Garmin engineer from India killed by U.S. domestic terrorist - shiven
http://www.kansascity.com/news/local/crime/article134459444.html
======
hrodriguez
It's funny how articles showing Americans in a bad light, vis-a-vis
immigrants, always pop up here on HN. The insinuation that this is the result
of our President is always the underlying theme. It isn't about some random
crackpot - as it should be.

The misrepresentative and inflammatory title should be enough to have flagged
this long ago.

It doesn't matter that the manipulative and lying media, as well as the George
Soros funded domestic terrorist groups have created problems by
misrepresenting the immigration issue.

I can post 15 articles right now showing immigrants or foreign-born in a bad
light. That would be stupid (much like this article) unless the behavior is
associated with undermining The United States and it's people.

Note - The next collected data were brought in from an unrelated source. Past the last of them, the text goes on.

lemma way_below_chain_maximal_open:
  assumes chain: "way_below_chain X U" and "openin X G" "\<And>n. \<not> U n \<subseteq> G"
  obtains M where "openin X M" "G \<subseteq> M" "\<And>n. \<not> U n \<subseteq> M"
    "\<And>W. openin X W \<Longrightarrow> \<not> W \<subseteq> M \<Longrightarrow> \<exists>k. U k \<subseteq> M \<union> W"
proof -
  let ?A = "{W. openin X W \<and> G \<subseteq> W \<and> (\<forall>n. \<not> U n \<subseteq> W)}"
  have "\<exists>M\<in>?A. \<forall>Y\<in>?A. M \<subseteq> Y \<longrightarrow> Y = M"
  proof (rule subset_Zorn_nonempty)
    show "?A \<noteq> {}" using assms(2,3) by auto
    fix C assume "C \<noteq> {}" and "subset.chain ?A C"
    then have C: "C \<subseteq> ?A" and ch: "\<And>A B. A \<in> C \<Longrightarrow> B \<in> C \<Longrightarrow> A \<subseteq> B \<or> B \<subseteq> A"
      unfolding subset.chain_def by auto
    have "\<not> U n \<subseteq> \<Union>C" for n
      using way_below_chain_not_subset_Union_chain[OF chain \<open>C \<noteq> {}\<close> _ ch] C by blast
    moreover have "openin X (\<Union>C)" using C by auto
    moreover have "G \<subseteq> \<Union>C" using C \<open>C \<noteq> {}\<close> by fastforce
    ultimately show "\<Union>C \<in> ?A" by simp
  qed
  then obtain M where M: "openin X M" "G \<subseteq> M" "\<And>n. \<not> U n \<subseteq> M"
    and max: "\<And>Y. Y \<in> ?A \<Longrightarrow> M \<subseteq> Y \<Longrightarrow> Y = M"
    by auto
  have "\<exists>k. U k \<subseteq> M \<union> W" if "openin X W" "\<not> W \<subseteq> M" for W
  proof (rule ccontr)
    assume "\<nexists>k. U k \<subseteq> M \<union> W"
    then have "M \<union> W \<in> ?A" using M(1,2) that(1) by auto
    then show False using max[of "M \<union> W"] that(2) by auto
  qed
  with M show thesis using that by blast
qed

It's just more race-baiting from manipulative activists attempting to usurp
another website and undermine this country in the process. Growing up in the
Bronx, I could provide lots of examples of "reverse" (whatever this is)
racism. Another pointless endeavor aimed solely at dividing us as Americans.

As a community here at HN, we should do better than to continue to allow these
types of slanted, racist, politically-driven articles from gaining a foothold.

Muchas Gracias, Amigos y Amigas! Que pasen un buen dia! That is all.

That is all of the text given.